Binding of Rrp5N (A), Rrp5C (B), and Rrp5FL (C) to H44/A2 (●), H44/(+278) (■), and H44/3′ITS1 (◆) rRNA mimics.

In contrast, the affinity of Rrp5C increases as the length of the 3′ end of the pre-rRNA fragment is increased from A2 to (+278) to 3′ITS1 (Fig. 5B; Table 1). This increase in affinity does not simply reflect stronger binding due to a longer RNA, as addition of the 5.8S sequence or deletion of H44 have no effect on Rrp5C binding (Table 1; data not shown). This result shows that Rrp5C makes specific interactions with the ITS1, mainly 3′ to site A2.

Binding data for Rrp5FL combine the trends observed for Rrp5N and Rrp5C (Fig. 5C; Table 1). While Rrp5FL binds even more strongly to rRNA than does Rrp5N (reflecting the additional interactions provided by the C-terminal S1 domains), its binding does reflect the specificity observed with Rrp5C, as binding affinity increases as the 3′-end of ITS1 is lengthened. Addition of the 5.8S sequence at the 3′ end has no effect on binding of any of the Rrp5 constructs (Table 1), indicating that Rrp5 does not make any interactions with 5.8S rRNA.

In summary, deleting S11-9 (Rrp5C) weakens RNA binding 50-fold but does not affect binding specificity, while deletion of S110-12 (Rrp5N) only weakens RNA binding fivefold but leads to a complete loss in RNA binding specificity. These data demonstrate a surprising division of labor between Rrp5's S1 RNA-binding modules, whereby the three last S1 domains provide the specificity and the first nine S1 domains provide much of the affinity for Rrp5's interaction with ITS1.
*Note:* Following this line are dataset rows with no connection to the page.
lemma flag_class_coeff_rec:
  assumes "k \<ge> 4" and "j \<le> 3"
  shows "flag_class_coeff j k * (real k + real j - 3) =
    flag_class_coeff j (k - 1) * (2 * real k + real j - 5) + real j * flag_class_coeff (j - 1) (k - 1)"
proof -
  obtain m where m: "k = m + 4"
    using assms(1) by (metis add.commute le_Suc_ex)
  define X where "X = pow_m32_coeff m / ((real m + 1) * (real m + 2) * (real m + 3) * (real m + 4))"
  have c0: "pow_m32_coeff m = X * ((real m + 1) * (real m + 2) * (real m + 3) * (real m + 4))"
    unfolding X_def by simp
  have step: "pow_m32_coeff (Suc i) = Y * (2 * real i + 3) * Z"
    if "pow_m32_coeff i = Y * (real i + 1) * Z" for i Y Z
  proof -
    have "real i + 1 \<noteq> 0"
      by simp
    then show ?thesis
      using that by (simp del: pow_m32_coeff.simps add: pow_m32_coeff.simps(2))
  qed
  have c1: "pow_m32_coeff (m + 1) = X * ((2 * real m + 3) * (real m + 2) * (real m + 3) * (real m + 4))"
    using step[of m X "(real m + 2) * (real m + 3) * (real m + 4)"] c0 by (simp add: ac_simps)
  have c2: "pow_m32_coeff (m + 2) = X * ((2 * real m + 3) * (2 * real m + 5) * (real m + 3) * (real m + 4))"
    using step[of "m + 1" "X * (2 * real m + 3)" "(real m + 3) * (real m + 4)"] c1
    by (simp add: ac_simps numeral_eq_Suc)
  have c3: "pow_m32_coeff (m + 3) = X * ((2 * real m + 3) * (2 * real m + 5) * (2 * real m + 7) * (real m + 4))"
    using step[of "m + 2" "X * (2 * real m + 3) * (2 * real m + 5)" "real m + 4"] c2
    by (simp add: ac_simps numeral_eq_Suc)
  have c4: "pow_m32_coeff (m + 4) =
      X * ((2 * real m + 3) * (2 * real m + 5) * (2 * real m + 7) * (2 * real m + 9))"
    using step[of "m + 3" "X * (2 * real m + 3) * (2 * real m + 5) * (2 * real m + 7)" 1] c3
    by (simp add: ac_simps numeral_eq_Suc)
  have p: "(2::real) ^ (m + 2) = 4 * 2 ^ m" "(2::real) ^ (m + 3) = 8 * 2 ^ m" "(2::real) ^ (m + 1) = 2 * 2 ^ m"
    by (simp_all add: power_add)
  have i: "m + 4 - 3 = m + 1" "m + 4 - 2 = m + 2" "m + 4 - 1 = m + 3" "m + 3 - 3 = m" "m + 3 - 2 = m + 1"
    "m + 3 - 1 = m + 2" "m + 4 - 1 - 3 = m" "m + 4 - 1 - 2 = m + 1" "m + 4 - 1 - 1 = m + 2"
    by simp_all
  consider "j = 0" | "j = 1" | "j = 2" | "j = 3"
    using assms(2) by linarith
  then show ?thesis
    unfolding m flag_class_coeff_def i c0 c1 c2 c3 c4 p by cases (simp_all add: algebra_simps)
qed

definition cleared_flags :: "bool \<times> bool \<times> bool \<Rightarrow> nat" where
  "cleared_flags g = 3 - flag_weight g"

definition flag_class_count :: "bool \<times> bool \<times> bool \<Rightarrow> nat \<Rightarrow> real" where
  "flag_class_count g n =
    (if odd n \<and> n \<ge> 7 then fact n * flag_class_coeff (cleared_flags g) ((n - 1) div 2) else 0)"

lemma UNIV_flags: "(UNIV :: (bool \<times> bool \<times> bool) set) =
  {(True, True, True), (True, True, False), (True, False, True), (True, False, False),
   (False, True, True), (False, True, False), (False, False, True), (False, False, False)}"
  by auto

lemma flag_weight_le: "flag_weight g \<le> 3"
  unfolding flag_weight_def by (cases g) auto

lemma sum_flag_moves:
  fixes F :: "nat \<Rightarrow> real"
  assumes "q \<ge> 3"
  shows "(\<Sum>g\<in>UNIV. F (cleared_flags g) * real (flag_moves g f q)) =
    F (cleared_flags f) * real (q - flag_weight f) + real (cleared_flags f) * F (cleared_flags f - 1)"
proof -
  obtain f1 f2 f3 where f: "f = (f1, f2, f3)"
    by (cases f) auto
  show ?thesis
    unfolding f UNIV_flags using assms
    by (cases f1; cases f2; cases f3) (simp_all add: flag_moves_def flag_weight_def cleared_flags_def of_nat_diff)
qed

lemma flag_class_count_rec:
  assumes "odd n" and "n \<ge> 9"
  shows "flag_class_count f n * real ((n - 1) div 2 - flag_weight f) =
    real n * real (n - 1) * (\<Sum>g\<in>UNIV. flag_class_count g (n - 2) * real (flag_moves g f (n - 3)))"
proof -
  obtain k where k: "n = 2 * k + 1"
    using assms(1) oddE by blast
  have "k \<ge> 4"
    using assms(2) k by simp
  let ?j = "cleared_flags f"
  have j: "?j \<le> 3" "real ?j = 3 - real (flag_weight f)"
    using flag_weight_le[of f] unfolding cleared_flags_def by (simp_all add: of_nat_diff)
  have count: "flag_class_count g (n - 2) = fact (n - 2) * flag_class_coeff (cleared_flags g) (k - 1)" for g
  proof -
    have "odd (n - 2)" "n - 2 \<ge> 7" "(n - 2 - 1) div 2 = k - 1"
      using assms k by auto
    then show ?thesis
      unfolding flag_class_count_def by simp
  qed
  have "(\<Sum>g\<in>UNIV. flag_class_count g (n - 2) * real (flag_moves g f (n - 3))) =
      fact (n - 2) * (\<Sum>g\<in>UNIV. flag_class_coeff (cleared_flags g) (k - 1) * real (flag_moves g f (n - 3)))"
    by (simp add: count sum_distrib_left mult.assoc)
  also have "\<dots> = fact (n - 2) * (flag_class_coeff ?j (k - 1) * (2 * real k + real ?j - 5)
      + real ?j * flag_class_coeff (?j - 1) (k - 1))"
    using sum_flag_moves[where F = "\<lambda>j. flag_class_coeff j (k - 1)", of "n - 3" f] assms(2) k j
      flag_weight_le[of f] by (simp add: of_nat_diff)
  also have "\<dots> = fact (n - 2) * (flag_class_coeff ?j k * (real k + real ?j - 3))"
    using flag_class_coeff_rec[OF \<open>k \<ge> 4\<close> j(1)] by simp
  finally have sum: "(\<Sum>g\<in>UNIV. flag_class_count g (n - 2) * real (flag_moves g f (n - 3))) =
    fact (n - 2) * (flag_class_coeff ?j k * (real k + real ?j - 3))" .
  have "fact n = real n * real (n - 1) * (fact (n - 2) :: real)"
  proof -
    have "n = Suc (Suc (n - 2))"
      using assms(2) by simp
    then have "(fact n :: real) = fact (Suc (Suc (n - 2)))"
      by (metis)
    then show ?thesis
      using assms(2) by (simp add: of_nat_diff)
  qed
  moreover have "real ((n - 1) div 2 - flag_weight f) = real k + real ?j - 3"
    using k j flag_weight_le[of f] \<open>k \<ge> 4\<close> by (simp add: of_nat_diff)
  ultimately show ?thesis
    unfolding sum using assms k by (simp add: flag_class_count_def)
qed

lemma flag_class_coeff_3: "flag_class_coeff j 3 = (if j = 0 then 1 else 0)"
  by (simp add: flag_class_coeff_def numeral_eq_Suc)

lemma flagged_nets_recurrence_real:
  assumes "finite W" and "card W \<ge> 9"
    and IH: "\<And>x y g. x \<in> W \<Longrightarrow> y \<in> W - {x} \<Longrightarrow>
      real (card (flagged_nets (W - {x, y}) g)) = flag_class_count g (card W - 2)"
  shows "real (card (flagged_nets W f)) * real ((card W - 1) div 2 - flag_weight f) =
    real (card W) * real (card W - 1) *
      (\<Sum>g\<in>UNIV. flag_class_count g (card W - 2) * real (flag_moves g f (card W - 3)))"
proof -
  let ?S = "\<Sum>g\<in>UNIV. flag_class_count g (card W - 2) * real (flag_moves g f (card W - 3))"
  have "real (card (flagged_nets W f)) * real ((card W - 1) div 2 - flag_weight f) =
    (\<Sum>x\<in>W. \<Sum>y\<in>W - {x}. \<Sum>g\<in>UNIV.
      real (card (flagged_nets (W - {x, y}) g)) * real (flag_moves g f (card W - 3)))"
    using arg_cong[OF flagged_nets_recurrence[OF assms(1), of f], of real]
    by (simp only: of_nat_sum of_nat_mult)
  also have "\<dots> = (\<Sum>x\<in>W. \<Sum>y\<in>W - {x}. ?S)"
    using IH by (intro sum.cong) simp_all
  also have "\<dots> = real (card W) * real (card W - 1) * ?S"
    using assms(1) by (simp add: card_Diff_subset)
  finally show ?thesis .
qed

theorem card_flagged_nets:
  assumes "finite W"
  shows "real (card (flagged_nets W f)) = flag_class_count f (card W)"
  using assms
proof (induction "card W" arbitrary: W f rule: less_induct)
  case less
  consider "card W < 7 \<or> even (card W) \<or> card W = 7 \<and> f \<noteq> (True, True, True)"
    | "card W = 7" "f = (True, True, True)" | "odd (card W)" "card W \<ge> 9"
  proof -
    have "odd (card W) \<and> card W \<ge> 9" if "\<not> (card W < 7 \<or> even (card W))" "card W \<noteq> 7"
      using that by presburger
    then show thesis
      using that by blast
  qed
  then show ?case
  proof cases
    case 1
    moreover have "flag_class_coeff (cleared_flags f) 3 = 0" if "f \<noteq> (True, True, True)"
      using that unfolding flag_class_coeff_3 cleared_flags_def flag_weight_def by (cases f) auto
    ultimately show ?thesis
      using flagged_nets_small[OF less.prems] unfolding flag_class_count_def by auto
  next
    case 2
    then show ?thesis
      using card_flagged_nets_7[OF less.prems]
      by (simp add: flag_class_count_def flag_class_coeff_3 cleared_flags_def flag_weight_def
          fact_numeral)
  next
    case 3
    have IH: "real (card (flagged_nets (W - {x, y}) g)) = flag_class_count g (card W - 2)"
      if "x \<in> W" "y \<in> W - {x}" for x y g
    proof -
      have "card (W - {x, y}) = card W - 2"
        using that less.prems by (simp add: card_Diff_subset)
      then show ?thesis
        using less.hyps[of "W - {x, y}"] less.prems 3 by simp
    qed
    have "real ((card W - 1) div 2 - flag_weight f) \<noteq> 0"
      using 3 flag_weight_le[of f] by simp
    moreover have "real (card (flagged_nets W f)) * real ((card W - 1) div 2 - flag_weight f) =
      flag_class_count f (card W) * real ((card W - 1) div 2 - flag_weight f)"
      by (simp only: flagged_nets_recurrence_real[OF less.prems 3(2) IH] flag_class_count_rec[OF 3])
    ultimately show ?thesis
      by simp
  qed
qed

definition one_reticulation_normal :: "nat \<Rightarrow> (nat \<times> nat) set set" where
  "one_reticulation_normal n = {E. normal_network n E \<and> card {v \<in> verts n. is_reticulation E v} = 1}"

context marked_net
begin

lemma weakly_connected: "u \<in> V \<Longrightarrow> v \<in> V \<Longrightarrow> (u, v) \<in> (E \<union> E\<inverse>)\<^sup>*"
proof -
  assume "u \<in> V" "v \<in> V"
  then have "(u, \<rho>) \<in> (E\<inverse>)\<^sup>*" "(\<rho>, v) \<in> E\<^sup>*"
    using reachable_from_root by (auto simp: rtrancl_converse)
  then have "(u, \<rho>) \<in> (E \<union> E\<inverse>)\<^sup>*" "(\<rho>, v) \<in> (E \<union> E\<inverse>)\<^sup>*"
    using rtrancl_mono[of "E\<inverse>" "E \<union> E\<inverse>"] rtrancl_mono[of E "E \<union> E\<inverse>"] by auto
  then show ?thesis
    by (rule rtrancl_trans)
qed

lemma vertex_degrees:
  assumes "v \<in> V"
  shows "indeg E v = 0 \<and> outdeg E v = 2 \<or> indeg E v = 1 \<and> outdeg E v = 2 \<or>
    indeg E v = 2 \<and> outdeg E v = 1 \<or> indeg E v = 1 \<and> outdeg E v = 0"
proof -
  have out: "outdeg E v = (if children E v = {} then 0 else 2)" if "v \<noteq> r"
    using card_children_tree assms that unfolding outdeg_eq_card_children by simp
  consider "v = \<rho>" | "v = r" | "v \<noteq> \<rho>" "v \<noteq> r"
    by blast
  then show ?thesis
  proof cases
    case 1
    then show ?thesis
      using out r_ne_root parents_root children_root unfolding indeg_eq_card_parents by simp
  next
    case 2
    then show ?thesis
      using is_reticulation_iff assms unfolding is_reticulation_def by simp
  next
    case 3
    then obtain p where "parents E v = {p}"
      using parents_singleton[OF assms] by blast
    then show ?thesis
      using out 3 unfolding indeg_eq_card_parents by simp
  qed
qed

lemma phylo_network:
  assumes "V = verts n"
  shows "phylo_network n E"
proof -
  have "{v \<in> V. indeg E v = 0} = {v \<in> V. parents E v = {}}"
    using finite_parents by (simp add: indeg_eq_card_parents)
  also have "\<dots> = {\<rho>}"
  proof (intro set_eqI iffI)
    show "v \<in> {\<rho>}" if "v \<in> {v \<in> V. parents E v = {}}" for v
      using that root_unique by simp
  qed (use root_in parents_root in simp)
  finally have roots: "{v \<in> V. indeg E v = 0} = {\<rho>}" .
  have "n \<ge> 1"
    using root_in assms unfolding verts_def by simp
  then show ?thesis
    unfolding phylo_network_def
    using roots assms edges acyclic weakly_connected vertex_degrees by simp
qed

lemma tree_child:
  assumes "V = verts n"
  shows "tree_child n E"
  unfolding tree_child_def
proof (intro conjI ballI impI)
  show "phylo_network n E"
    using phylo_network[OF assms] .
  fix v
  assume v: "v \<in> verts n" and "outdeg E v \<noteq> 0"
  then have "children E v \<noteq> {}"
    unfolding outdeg_eq_card_children by auto
  moreover have "\<exists>w \<in> children E v. w \<noteq> r"
  proof (cases "v = r")
    case False
    then show ?thesis
      using children_tree[of v] v assms calculation by (metis insertCI)
  qed (use children_r c_ne_r in simp)
  ultimately show "\<exists>w. (v, w) \<in> E \<and> \<not> is_reticulation E w"
    using is_reticulation_iff edges unfolding children_def by blast
qed
(* For all $M,N\in\Lambda$: $\langle[\,],M^\bullet\rangle\to^*\underline{N}$ if and only if ($M\to_\beta^* N$ and $N\in\mathrm{NF}$). Here $[\,]$ is the trivial context consisting only of the hole.
   Context: **$\lambda$-terms and contexts.** $\Lambda$ is the set of untyped $\lambda$-terms (up to $\alpha$-equivalence). $\to_\beta^*$ is multi-step $\beta$-reduction (the reflexive–transitive closure of one-step $\beta$-reduction), and $\mathrm{NF}\subseteq\Lambda$ is the set of $\beta$-normal forms. A context $C[\,]$ is a $\lambda$-term with exactly one hole $[\,]$. $C[M]$ is the result of filling the hole with $M$; binders of $C$ may capture free variables of $M$. We write $M\,\vec N$ for $M\,N_1\cdots N_n$ (left-associated), where $n\ge 0$. **Atoms and $\Lambda^\bullet$.** For each $M\in\Lambda$ there is a new formal symbol $\underline{M}$, called an atom. Atoms are constants: they have no free variables, and substitution leaves them unchanged. For $M\in\Lambda$, $M^\bullet$ replaces each free occurrence of each variable $x$ in $M$ by the atom $\underline{x}$. Set $\Lambda^\bullet=\{M^\bullet: M\in\Lambda\}$, with substitution extended to these terms by treating atoms as constants. **The set $\Lambda^{\mathrm{rb}}$.** It is the least set such that: 1. $\underline{M}\in\Lambda^{\mathrm{rb}}$ for all $M\in\Lambda$; 2. $\langle C[\,],M\rangle\in\Lambda^{\mathrm{rb}}$ for every context $C[\,]$ and every $M\in\Lambda^\bullet$; 3. $\langle C[\,],M\,\vec N\rangle\in\Lambda^{\mathrm{rb}}$ for every context $C[\,]$, every $M\in\Lambda^{\mathrm{rb}}$ and all $N_1,\dots,N_n\in\Lambda^\bullet$. **The relation $\to$ on $\Lambda^{\mathrm{rb}}$.** It is the least relation satisfying: - (R1) $\langle C[\,],\underline{M}\rangle\to\underline{C[M]}$ for $M\in\Lambda$; - (R2) $\langle C[\,],\lambda x.M\rangle\to\langle C[\lambda x.[\,]],M[x:=\underline{x}]\rangle$ for $\lambda x.M\in\Lambda^\bullet$; - (R3) $\langle C[\,],\underline{M}\,N_0\,\vec N\rangle\to\langle C[\,],\langle M\,[\,],N_0\rangle\,\vec N\rangle$ for $M\in\Lambda$ and $N_0,\vec N\in\Lambda^\bullet$; - (R4) $\langle C[\,],(\lambda x.M)\,N_0\,\vec N\rangle\to\langle C[\,],M[x:=N_0]\,\vec N\rangle$ for $\lambda x.M,N_0,\vec N\in\Lambda^\bullet$; - (R5) if $M\to M'$ with $M,M'\in\Lambda^{\mathrm{rb}}$, then $\langle C[\,],M\,\vec N\rangle\to\langle C[\,],M'\,\vec N\rangle$ for every context $C[\,]$ and $\vec N\in\Lambda^\bullet$. $\to^*$ denotes the reflexive–transitive closure of $\to$. *)

theory Defs
  imports Main
begin

datatype dB = Var nat | App dB dB | Lam dB
lemma rtranclp_adj_norm1_between:
  assumes r: "\<And>u v. r u v \<Longrightarrow> adj u v" and path: "r\<^sup>*\<^sup>* x y"
  shows "norm1 x \<le> k \<Longrightarrow> k \<le> norm1 y \<Longrightarrow> \<exists>y'. r\<^sup>*\<^sup>* x y' \<and> norm1 y' = k"
  using path
proof (induction arbitrary: k rule: rtranclp_induct)
  case (step y z)
  show ?case
  proof (cases "k \<le> norm1 y")
    case True
    then show ?thesis
      using step by blast
  next
    case False
    then have "k = norm1 z"
      using adj_norm1[OF r[OF step.hyps(2)]] step.prems by auto
    then show ?thesis
      using rtranclp.rtrancl_into_rtrancl[OF step.hyps] by blast
  qed
qed auto

lemma rtranclp_reach_bdry_Suc:
  assumes "\<And>u v. r u v \<Longrightarrow> adj u v" "\<exists>y\<in>bdry (Suc n). r\<^sup>*\<^sup>* 0 y"
  shows "\<exists>y\<in>bdry n. r\<^sup>*\<^sup>* 0 y"
proof -
  from assms(2) obtain y where "r\<^sup>*\<^sup>* 0 y" "norm1 y = int n + 2"
    by (auto simp: mem_bdry_iff)
  with rtranclp_adj_norm1_between[OF assms(1) this(1), of "int n + 1"]
  obtain y' where "r\<^sup>*\<^sup>* 0 y'" "norm1 y' = int n + 1"
    by auto
  then show ?thesis
    by (auto simp: mem_bdry_iff)
qed

lemma infinite_rtranclp_iff_reach_bdry:
  assumes r: "\<And>u v. r u v \<Longrightarrow> adj u v"
  shows "infinite {y :: int ^ 'd. r\<^sup>*\<^sup>* 0 y} \<longleftrightarrow> (\<forall>n. \<exists>y\<in>bdry n. r\<^sup>*\<^sup>* 0 y)"
proof
  assume inf: "infinite {y :: int ^ 'd. r\<^sup>*\<^sup>* 0 y}"
  show "\<forall>n. \<exists>y\<in>bdry n. r\<^sup>*\<^sup>* 0 y"
  proof
    fix n
    have "\<not> {y. r\<^sup>*\<^sup>* 0 y} \<subseteq> ball1 n"
      using inf finite_subset finite_ball1 by blast
    then obtain y where "r\<^sup>*\<^sup>* 0 y" "int n < norm1 y"
      by (auto simp: ball1_def subset_iff not_le)
    from rtranclp_adj_norm1_between[OF r this(1), of "int n + 1"] this(2)
    obtain y' where "r\<^sup>*\<^sup>* 0 y'" "norm1 y' = int n + 1"
      by auto
    then show "\<exists>y\<in>bdry n. r\<^sup>*\<^sup>* 0 y"
      by (auto simp: mem_bdry_iff)
  qed
next
  assume reach: "\<forall>n. \<exists>y\<in>bdry n. r\<^sup>*\<^sup>* 0 y"
  show "infinite {y :: int ^ 'd. r\<^sup>*\<^sup>* 0 y}"
  proof
    assume "finite {y :: int ^ 'd. r\<^sup>*\<^sup>* 0 y}"
    then have "bdd_above (norm1 ` {y. r\<^sup>*\<^sup>* 0 y})"
      by (intro bdd_above_finite finite_imageI)
    then obtain M where M: "\<And>y. r\<^sup>*\<^sup>* 0 y \<Longrightarrow> norm1 y \<le> M"
      by (auto simp: bdd_above_def)
    obtain y where y: "y \<in> bdry (nat M)" "r\<^sup>*\<^sup>* 0 y"
      using reach by blast
    have "norm1 y = int (nat M) + 1"
      using y(1) by (simp only: mem_bdry_iff)
    moreover have "norm1 y \<le> M"
      using M y(2) .
    ultimately show False
      by arith
  qed
qed

lemma reach_bdry_within_ball:
  assumes r: "\<And>u v. r u v \<Longrightarrow> adj u v"
  shows "(\<exists>y\<in>bdry n. r\<^sup>*\<^sup>* 0 y) \<longleftrightarrow>
    (\<exists>y\<in>bdry n. (\<lambda>u v. r u v \<and> u \<in> ball1 (Suc n) \<and> v \<in> ball1 (Suc n))\<^sup>*\<^sup>* 0 y)"
    (is "?L \<longleftrightarrow> ?R")
proof
  let ?rB = "\<lambda>u v. r u v \<and> u \<in> ball1 (Suc n) \<and> v \<in> ball1 (Suc n)"
  have "r\<^sup>*\<^sup>* 0 y \<Longrightarrow> (norm1 y \<le> int n \<and> ?rB\<^sup>*\<^sup>* 0 y) \<or> ?R" for y
  proof (induction rule: rtranclp_induct)
    case (step y z)
    from step.IH show ?case
    proof
      assume y: "norm1 y \<le> int n \<and> ?rB\<^sup>*\<^sup>* 0 y"
      then have z: "norm1 z \<le> int n + 1"
        using adj_norm1[OF r[OF step.hyps(2)]] by auto
      with y step.hyps(2) have "?rB\<^sup>*\<^sup>* 0 z"
        by (auto simp: ball1_def intro: rtranclp.rtrancl_into_rtrancl)
      with z show ?thesis
        by (cases "norm1 z \<le> int n") (auto simp: mem_bdry_iff)
    qed blast
  qed simp
  then show "?L \<Longrightarrow> ?R"
    by (auto simp: mem_bdry_iff)
  have "?rB\<^sup>*\<^sup>* a b \<Longrightarrow> r\<^sup>*\<^sup>* a b" for a b
    by (erule rtranclp_mono[THEN predicate2D, rotated]) auto
  then show "?R \<Longrightarrow> ?L"
    by blast
qed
DMS structure probing verifies that Rrp5 has interactions in ITS1

In order to validate the proposed interactions between Rrp5 and the region in the ITS1 that is 3′-to site A2, we used dimethyl sulfate (DMS) structure probing to test the solvent accessibility of the rRNA in the presence and absence of Rrp5. DMS methylates the N1 of adenosine and the N3 of cytosine unless they are protein protected or involved in base pairs or tertiary structures (Stern et al. 1988). Methylation at specific residues can then be detected by stops in reverse transcription and analyzed via sequencing gels. Comparing modification patterns of rRNA in the presence and absence of protein can lead to identification of residues protected from modification by the presence of protein, either directly or indirectly, via changes in the RNA structure. Additionally, because of its inability to methylate nucleotides involved in base pairs, information regarding the rRNA secondary structure can be obtained via DMS modification. In order to account for differences in the loading or in the efficiency of reverse transcription between different lanes in the gel, we also carried out line scans that were normalized to nearby residues (Fig. 6B).

FIGURE 6.

FIGURE 6.

Rrp5 footprinting on pre-rRNA via DMS structure probing. (A) DMS protections in the presence and absence of Rrp5FL show protections in three regions of pre-rRNA. Control experiments in the absence of DMS indicate DMS-independent reverse transcription stops. Note that sequencing ladders are upshifted by 1 nt relative to DMS lanes. (B) Line scans of the regions shown in A. (C) Rrp5FL protected residues (●) mapped onto the H44/3′5.8S secondary structure (as predicted by the modification pattern observed in the absence of protein).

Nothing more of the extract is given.